> Work request
Among the entries below, one stretch runs from the line that contains "(intro card_ge_0_finite) simp" through the line that contains "using \<open>d \<in> \<Union>F\<close> by blast". Repeat that stretch exactly, ends included, and only that.

> Working data

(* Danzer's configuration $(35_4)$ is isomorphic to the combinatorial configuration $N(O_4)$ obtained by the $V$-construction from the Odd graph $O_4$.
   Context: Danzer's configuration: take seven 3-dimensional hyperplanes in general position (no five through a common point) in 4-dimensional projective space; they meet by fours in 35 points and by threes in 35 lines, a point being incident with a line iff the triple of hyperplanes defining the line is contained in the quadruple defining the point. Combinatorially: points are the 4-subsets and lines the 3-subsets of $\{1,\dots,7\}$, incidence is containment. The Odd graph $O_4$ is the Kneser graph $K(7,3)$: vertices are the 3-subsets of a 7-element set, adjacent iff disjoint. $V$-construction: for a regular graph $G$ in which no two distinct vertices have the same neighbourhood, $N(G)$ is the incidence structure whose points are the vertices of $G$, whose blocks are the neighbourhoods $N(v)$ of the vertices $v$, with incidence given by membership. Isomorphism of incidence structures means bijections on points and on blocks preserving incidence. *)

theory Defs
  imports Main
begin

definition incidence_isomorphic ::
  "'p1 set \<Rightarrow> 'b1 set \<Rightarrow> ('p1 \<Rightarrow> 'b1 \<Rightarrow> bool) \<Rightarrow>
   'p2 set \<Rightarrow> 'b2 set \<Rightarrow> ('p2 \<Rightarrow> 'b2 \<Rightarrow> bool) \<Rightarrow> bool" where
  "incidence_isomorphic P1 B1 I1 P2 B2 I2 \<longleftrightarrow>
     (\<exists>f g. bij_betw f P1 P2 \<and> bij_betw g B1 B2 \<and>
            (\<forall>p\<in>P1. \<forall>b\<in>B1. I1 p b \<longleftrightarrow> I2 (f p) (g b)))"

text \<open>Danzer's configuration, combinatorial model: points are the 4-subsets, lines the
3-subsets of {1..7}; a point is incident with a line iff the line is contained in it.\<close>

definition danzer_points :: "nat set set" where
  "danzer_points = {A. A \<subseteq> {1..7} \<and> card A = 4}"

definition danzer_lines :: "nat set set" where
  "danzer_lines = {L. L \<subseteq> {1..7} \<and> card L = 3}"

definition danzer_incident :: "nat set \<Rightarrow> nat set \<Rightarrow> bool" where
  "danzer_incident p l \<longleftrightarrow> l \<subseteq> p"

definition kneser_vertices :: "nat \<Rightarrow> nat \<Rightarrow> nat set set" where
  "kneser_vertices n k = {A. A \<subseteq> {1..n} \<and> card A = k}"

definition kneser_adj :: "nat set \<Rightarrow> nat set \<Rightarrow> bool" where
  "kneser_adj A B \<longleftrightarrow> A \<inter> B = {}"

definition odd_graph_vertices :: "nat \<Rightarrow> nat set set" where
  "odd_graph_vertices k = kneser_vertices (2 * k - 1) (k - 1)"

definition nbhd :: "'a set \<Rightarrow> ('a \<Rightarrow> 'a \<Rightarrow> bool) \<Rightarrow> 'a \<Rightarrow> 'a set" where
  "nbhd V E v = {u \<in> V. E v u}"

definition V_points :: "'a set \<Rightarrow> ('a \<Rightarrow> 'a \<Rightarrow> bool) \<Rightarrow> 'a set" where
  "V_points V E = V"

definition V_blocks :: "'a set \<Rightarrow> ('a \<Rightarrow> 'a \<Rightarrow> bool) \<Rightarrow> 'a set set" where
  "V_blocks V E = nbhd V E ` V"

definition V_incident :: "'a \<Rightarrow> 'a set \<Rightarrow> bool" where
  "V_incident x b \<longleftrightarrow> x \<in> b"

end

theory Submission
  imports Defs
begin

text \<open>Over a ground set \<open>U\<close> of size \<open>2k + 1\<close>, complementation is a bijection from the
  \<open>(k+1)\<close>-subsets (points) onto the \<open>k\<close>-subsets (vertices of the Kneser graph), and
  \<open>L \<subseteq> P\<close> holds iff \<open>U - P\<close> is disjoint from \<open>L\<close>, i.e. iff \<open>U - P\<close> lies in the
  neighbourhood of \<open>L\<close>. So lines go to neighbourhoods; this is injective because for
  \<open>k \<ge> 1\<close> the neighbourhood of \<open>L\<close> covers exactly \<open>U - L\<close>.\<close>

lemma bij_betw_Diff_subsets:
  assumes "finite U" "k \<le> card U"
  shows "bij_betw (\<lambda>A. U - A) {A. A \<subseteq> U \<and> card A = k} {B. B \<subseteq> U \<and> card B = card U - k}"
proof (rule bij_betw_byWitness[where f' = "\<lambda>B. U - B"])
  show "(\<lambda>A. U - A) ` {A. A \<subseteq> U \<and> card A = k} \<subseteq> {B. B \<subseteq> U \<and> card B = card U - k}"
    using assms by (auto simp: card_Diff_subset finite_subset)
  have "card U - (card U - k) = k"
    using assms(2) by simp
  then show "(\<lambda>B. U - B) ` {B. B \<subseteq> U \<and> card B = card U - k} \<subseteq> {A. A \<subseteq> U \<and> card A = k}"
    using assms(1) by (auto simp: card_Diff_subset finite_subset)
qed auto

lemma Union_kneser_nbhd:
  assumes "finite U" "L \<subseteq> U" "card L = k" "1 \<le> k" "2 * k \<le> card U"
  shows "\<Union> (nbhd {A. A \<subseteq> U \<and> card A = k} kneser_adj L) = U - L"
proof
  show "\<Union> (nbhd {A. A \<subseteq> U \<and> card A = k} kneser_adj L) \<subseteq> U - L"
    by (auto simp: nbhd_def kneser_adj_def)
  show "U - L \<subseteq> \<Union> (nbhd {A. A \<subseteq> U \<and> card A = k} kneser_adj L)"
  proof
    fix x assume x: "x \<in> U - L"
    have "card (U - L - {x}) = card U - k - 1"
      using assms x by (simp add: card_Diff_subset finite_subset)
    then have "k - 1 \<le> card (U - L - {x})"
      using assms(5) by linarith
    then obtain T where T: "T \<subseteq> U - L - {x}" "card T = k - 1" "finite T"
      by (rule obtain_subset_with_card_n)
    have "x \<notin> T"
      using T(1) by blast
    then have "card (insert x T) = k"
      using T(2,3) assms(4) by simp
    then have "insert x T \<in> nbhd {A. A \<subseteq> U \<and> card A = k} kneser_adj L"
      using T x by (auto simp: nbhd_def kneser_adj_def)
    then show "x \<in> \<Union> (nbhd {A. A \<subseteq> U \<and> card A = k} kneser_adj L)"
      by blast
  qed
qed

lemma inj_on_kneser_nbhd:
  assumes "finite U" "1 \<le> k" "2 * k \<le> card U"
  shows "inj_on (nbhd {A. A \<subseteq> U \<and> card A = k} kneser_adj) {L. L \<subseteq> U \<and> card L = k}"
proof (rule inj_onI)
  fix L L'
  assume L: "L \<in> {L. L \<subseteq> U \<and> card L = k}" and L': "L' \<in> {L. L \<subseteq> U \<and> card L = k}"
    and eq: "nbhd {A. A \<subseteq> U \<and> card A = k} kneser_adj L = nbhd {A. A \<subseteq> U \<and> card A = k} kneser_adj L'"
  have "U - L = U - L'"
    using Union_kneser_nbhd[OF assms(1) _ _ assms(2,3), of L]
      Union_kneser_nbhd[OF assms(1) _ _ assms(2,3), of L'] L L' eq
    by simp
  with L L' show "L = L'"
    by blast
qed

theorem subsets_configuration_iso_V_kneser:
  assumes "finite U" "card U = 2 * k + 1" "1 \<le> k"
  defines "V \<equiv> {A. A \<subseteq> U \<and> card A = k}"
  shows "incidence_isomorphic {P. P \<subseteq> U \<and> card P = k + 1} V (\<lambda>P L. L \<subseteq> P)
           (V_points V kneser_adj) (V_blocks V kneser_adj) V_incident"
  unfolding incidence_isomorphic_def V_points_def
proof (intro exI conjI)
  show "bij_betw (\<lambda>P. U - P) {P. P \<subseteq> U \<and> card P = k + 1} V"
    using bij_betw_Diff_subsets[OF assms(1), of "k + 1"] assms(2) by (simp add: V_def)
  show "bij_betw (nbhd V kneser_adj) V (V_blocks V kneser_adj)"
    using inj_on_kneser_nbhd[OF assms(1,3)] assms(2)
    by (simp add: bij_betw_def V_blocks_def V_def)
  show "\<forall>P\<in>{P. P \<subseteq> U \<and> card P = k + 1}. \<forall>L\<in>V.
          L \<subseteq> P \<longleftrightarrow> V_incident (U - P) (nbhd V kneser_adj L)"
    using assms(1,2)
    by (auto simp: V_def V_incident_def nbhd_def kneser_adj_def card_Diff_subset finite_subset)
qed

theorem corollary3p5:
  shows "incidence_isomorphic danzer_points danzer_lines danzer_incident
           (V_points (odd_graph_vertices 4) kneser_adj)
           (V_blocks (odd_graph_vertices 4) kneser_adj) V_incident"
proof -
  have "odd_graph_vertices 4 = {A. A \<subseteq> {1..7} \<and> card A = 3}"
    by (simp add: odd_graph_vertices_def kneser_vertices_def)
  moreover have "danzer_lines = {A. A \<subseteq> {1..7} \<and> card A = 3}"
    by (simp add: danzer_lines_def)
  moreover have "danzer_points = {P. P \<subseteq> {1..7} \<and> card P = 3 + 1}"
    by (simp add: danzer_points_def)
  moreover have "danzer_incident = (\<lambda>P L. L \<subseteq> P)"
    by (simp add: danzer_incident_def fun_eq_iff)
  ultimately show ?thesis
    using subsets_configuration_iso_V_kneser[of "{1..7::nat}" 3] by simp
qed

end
==
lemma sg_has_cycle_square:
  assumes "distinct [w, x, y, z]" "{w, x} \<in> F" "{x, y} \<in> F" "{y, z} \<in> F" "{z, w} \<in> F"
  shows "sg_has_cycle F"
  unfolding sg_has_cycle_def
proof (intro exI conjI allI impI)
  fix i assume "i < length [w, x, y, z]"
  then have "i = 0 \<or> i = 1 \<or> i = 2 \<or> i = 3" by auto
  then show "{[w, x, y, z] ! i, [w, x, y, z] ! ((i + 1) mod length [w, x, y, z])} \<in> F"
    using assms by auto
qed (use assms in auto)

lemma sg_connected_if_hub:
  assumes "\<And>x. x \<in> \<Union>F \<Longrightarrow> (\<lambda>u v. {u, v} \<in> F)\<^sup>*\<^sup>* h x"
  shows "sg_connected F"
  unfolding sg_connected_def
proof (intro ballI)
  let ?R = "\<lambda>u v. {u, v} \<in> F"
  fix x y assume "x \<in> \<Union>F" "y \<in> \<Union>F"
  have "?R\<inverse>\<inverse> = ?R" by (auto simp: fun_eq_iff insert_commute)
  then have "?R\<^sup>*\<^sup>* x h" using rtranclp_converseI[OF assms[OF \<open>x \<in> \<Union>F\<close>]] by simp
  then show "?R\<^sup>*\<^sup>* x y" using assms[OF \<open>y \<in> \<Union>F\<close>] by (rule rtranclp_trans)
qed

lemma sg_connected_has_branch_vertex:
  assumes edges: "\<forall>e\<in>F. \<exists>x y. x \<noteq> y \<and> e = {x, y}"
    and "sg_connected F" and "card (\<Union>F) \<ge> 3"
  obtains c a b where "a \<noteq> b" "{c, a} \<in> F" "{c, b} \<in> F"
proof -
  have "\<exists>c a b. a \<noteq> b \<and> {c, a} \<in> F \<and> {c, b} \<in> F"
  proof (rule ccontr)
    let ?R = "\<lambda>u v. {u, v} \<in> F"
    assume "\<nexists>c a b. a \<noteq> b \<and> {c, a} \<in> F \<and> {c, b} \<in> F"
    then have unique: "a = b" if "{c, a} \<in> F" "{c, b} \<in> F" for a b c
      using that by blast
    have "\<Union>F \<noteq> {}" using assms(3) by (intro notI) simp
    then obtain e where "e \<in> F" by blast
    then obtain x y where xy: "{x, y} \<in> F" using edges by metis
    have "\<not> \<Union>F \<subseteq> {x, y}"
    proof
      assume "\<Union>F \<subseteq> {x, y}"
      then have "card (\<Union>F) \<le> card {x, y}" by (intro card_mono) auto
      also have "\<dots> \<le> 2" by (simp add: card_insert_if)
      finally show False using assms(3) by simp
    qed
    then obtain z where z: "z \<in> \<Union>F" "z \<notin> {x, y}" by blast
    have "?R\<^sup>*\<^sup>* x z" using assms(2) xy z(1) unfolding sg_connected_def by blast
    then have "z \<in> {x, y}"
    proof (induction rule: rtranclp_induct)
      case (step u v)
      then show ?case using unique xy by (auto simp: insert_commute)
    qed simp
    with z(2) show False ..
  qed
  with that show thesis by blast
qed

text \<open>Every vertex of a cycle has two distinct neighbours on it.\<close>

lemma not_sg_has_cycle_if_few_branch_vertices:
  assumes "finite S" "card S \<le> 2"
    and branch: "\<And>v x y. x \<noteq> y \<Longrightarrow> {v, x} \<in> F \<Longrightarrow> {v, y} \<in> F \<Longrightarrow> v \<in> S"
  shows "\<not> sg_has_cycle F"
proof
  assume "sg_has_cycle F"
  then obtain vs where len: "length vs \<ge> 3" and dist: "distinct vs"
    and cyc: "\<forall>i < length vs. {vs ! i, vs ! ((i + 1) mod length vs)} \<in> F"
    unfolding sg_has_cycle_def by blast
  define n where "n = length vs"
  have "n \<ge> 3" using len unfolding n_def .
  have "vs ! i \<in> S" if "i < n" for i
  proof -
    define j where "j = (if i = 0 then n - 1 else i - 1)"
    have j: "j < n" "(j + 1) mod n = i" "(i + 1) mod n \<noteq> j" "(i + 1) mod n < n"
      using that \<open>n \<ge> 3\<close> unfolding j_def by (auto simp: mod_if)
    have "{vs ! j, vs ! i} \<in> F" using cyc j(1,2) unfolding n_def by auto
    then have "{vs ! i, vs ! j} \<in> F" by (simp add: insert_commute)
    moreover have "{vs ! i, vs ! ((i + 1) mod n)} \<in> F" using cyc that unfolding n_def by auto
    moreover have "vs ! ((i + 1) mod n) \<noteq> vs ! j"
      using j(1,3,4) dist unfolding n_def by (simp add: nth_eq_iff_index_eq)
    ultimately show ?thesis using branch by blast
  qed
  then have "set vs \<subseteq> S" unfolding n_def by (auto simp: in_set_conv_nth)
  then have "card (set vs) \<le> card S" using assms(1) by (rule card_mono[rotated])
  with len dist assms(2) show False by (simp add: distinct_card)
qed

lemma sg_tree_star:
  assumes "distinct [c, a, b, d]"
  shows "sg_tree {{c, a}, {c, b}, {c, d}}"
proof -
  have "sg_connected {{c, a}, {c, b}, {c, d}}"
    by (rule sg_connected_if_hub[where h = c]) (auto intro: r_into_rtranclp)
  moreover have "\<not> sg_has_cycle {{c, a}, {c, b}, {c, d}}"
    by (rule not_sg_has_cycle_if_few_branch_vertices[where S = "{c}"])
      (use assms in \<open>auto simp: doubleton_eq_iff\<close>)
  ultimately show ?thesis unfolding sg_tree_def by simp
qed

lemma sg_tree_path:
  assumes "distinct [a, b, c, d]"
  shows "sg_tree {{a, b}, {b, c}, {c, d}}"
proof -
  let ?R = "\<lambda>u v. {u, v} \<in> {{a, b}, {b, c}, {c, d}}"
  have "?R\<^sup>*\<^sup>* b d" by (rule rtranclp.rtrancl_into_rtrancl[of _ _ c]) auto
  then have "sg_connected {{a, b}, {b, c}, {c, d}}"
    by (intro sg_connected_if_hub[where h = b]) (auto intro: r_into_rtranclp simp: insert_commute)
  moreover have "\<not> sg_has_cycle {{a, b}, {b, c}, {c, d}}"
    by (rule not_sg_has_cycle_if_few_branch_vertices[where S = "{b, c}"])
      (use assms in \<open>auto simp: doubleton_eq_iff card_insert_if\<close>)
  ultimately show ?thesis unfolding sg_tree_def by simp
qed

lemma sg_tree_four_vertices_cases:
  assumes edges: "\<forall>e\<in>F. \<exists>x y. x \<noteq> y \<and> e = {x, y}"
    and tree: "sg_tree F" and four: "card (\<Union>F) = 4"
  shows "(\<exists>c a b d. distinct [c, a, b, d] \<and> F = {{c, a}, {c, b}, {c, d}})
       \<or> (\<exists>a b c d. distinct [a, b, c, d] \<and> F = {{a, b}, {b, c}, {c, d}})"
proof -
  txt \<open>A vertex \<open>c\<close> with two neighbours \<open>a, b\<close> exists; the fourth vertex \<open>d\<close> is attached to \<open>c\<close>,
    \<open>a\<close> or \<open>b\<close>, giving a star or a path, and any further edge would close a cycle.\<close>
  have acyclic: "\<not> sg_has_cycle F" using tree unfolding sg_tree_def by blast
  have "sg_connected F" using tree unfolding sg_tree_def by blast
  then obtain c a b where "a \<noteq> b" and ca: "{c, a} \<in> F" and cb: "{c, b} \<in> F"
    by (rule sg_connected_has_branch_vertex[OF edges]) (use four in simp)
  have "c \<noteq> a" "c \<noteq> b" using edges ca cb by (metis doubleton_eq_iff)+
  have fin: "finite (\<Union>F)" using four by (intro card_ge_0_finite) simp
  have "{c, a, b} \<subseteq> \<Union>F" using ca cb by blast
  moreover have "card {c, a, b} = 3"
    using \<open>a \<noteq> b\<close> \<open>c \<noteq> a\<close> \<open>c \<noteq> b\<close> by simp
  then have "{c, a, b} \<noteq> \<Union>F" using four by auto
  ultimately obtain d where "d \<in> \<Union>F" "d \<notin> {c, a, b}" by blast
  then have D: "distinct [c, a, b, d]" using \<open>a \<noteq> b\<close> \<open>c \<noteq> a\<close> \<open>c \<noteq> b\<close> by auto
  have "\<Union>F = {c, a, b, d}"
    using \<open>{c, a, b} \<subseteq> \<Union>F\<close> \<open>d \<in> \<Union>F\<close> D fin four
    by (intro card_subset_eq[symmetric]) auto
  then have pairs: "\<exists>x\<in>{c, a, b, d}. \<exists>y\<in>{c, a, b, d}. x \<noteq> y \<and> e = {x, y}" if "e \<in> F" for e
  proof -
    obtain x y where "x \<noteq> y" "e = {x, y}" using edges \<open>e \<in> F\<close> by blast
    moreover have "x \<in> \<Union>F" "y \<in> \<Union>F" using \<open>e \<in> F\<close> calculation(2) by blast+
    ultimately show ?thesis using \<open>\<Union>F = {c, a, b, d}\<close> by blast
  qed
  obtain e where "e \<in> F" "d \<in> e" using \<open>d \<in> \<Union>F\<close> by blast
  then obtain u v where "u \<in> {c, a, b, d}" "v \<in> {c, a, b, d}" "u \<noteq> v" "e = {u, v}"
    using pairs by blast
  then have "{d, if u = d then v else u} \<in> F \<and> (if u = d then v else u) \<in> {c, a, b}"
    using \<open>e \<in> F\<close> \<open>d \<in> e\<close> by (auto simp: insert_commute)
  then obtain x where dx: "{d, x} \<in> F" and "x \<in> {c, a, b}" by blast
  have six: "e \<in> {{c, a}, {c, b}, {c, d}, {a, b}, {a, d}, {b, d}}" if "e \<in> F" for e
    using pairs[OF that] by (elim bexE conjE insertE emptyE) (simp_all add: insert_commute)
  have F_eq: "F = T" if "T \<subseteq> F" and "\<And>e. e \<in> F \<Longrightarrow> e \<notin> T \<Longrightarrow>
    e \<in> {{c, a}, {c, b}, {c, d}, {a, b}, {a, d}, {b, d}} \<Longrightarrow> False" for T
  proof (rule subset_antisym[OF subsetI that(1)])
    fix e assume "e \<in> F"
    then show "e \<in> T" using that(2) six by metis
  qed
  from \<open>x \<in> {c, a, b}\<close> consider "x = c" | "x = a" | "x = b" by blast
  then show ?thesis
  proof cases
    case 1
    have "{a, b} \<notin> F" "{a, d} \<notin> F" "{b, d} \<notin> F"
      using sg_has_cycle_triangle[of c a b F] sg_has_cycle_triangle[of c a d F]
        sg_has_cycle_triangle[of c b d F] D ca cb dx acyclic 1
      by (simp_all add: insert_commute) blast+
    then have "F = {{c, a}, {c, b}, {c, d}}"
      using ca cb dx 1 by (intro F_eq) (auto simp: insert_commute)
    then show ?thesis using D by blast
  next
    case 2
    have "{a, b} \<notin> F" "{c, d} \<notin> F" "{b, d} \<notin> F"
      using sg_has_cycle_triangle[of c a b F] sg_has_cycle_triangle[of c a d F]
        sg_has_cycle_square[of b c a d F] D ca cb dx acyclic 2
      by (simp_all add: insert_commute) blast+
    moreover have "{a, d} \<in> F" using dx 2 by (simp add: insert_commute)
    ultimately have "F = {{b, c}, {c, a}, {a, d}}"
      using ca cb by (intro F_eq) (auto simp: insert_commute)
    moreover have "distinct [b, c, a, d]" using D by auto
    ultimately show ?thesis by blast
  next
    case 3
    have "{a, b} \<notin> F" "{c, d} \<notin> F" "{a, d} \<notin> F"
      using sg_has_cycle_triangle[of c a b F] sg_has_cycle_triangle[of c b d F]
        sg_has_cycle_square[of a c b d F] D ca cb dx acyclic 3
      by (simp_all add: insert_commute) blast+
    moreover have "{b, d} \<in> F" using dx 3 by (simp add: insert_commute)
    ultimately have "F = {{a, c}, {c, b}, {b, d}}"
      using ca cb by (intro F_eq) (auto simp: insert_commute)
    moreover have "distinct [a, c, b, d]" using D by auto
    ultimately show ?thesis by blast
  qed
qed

> Written reply
  have fin: "finite (\<Union>F)" using four by (intro card_ge_0_finite) simp
  have "{c, a, b} \<subseteq> \<Union>F" using ca cb by blast
  moreover have "card {c, a, b} = 3"
    using \<open>a \<noteq> b\<close> \<open>c \<noteq> a\<close> \<open>c \<noteq> b\<close> by simp
  then have "{c, a, b} \<noteq> \<Union>F" using four by auto
  ultimately obtain d where "d \<in> \<Union>F" "d \<notin> {c, a, b}" by blast
  then have D: "distinct [c, a, b, d]" using \<open>a \<noteq> b\<close> \<open>c \<noteq> a\<close> \<open>c \<noteq> b\<close> by auto
  have "\<Union>F = {c, a, b, d}"
    using \<open>{c, a, b} \<subseteq> \<Union>F\<close> \<open>d \<in> \<Union>F\<close> D fin four
    by (intro card_subset_eq[symmetric]) auto
  then have pairs: "\<exists>x\<in>{c, a, b, d}. \<exists>y\<in>{c, a, b, d}. x \<noteq> y \<and> e = {x, y}" if "e \<in> F" for e
  proof -
    obtain x y where "x \<noteq> y" "e = {x, y}" using edges \<open>e \<in> F\<close> by blast
    moreover have "x \<in> \<Union>F" "y \<in> \<Union>F" using \<open>e \<in> F\<close> calculation(2) by blast+
    ultimately show ?thesis using \<open>\<Union>F = {c, a, b, d}\<close> by blast
  qed
  obtain e where "e \<in> F" "d \<in> e" using \<open>d \<in> \<Union>F\<close> by blast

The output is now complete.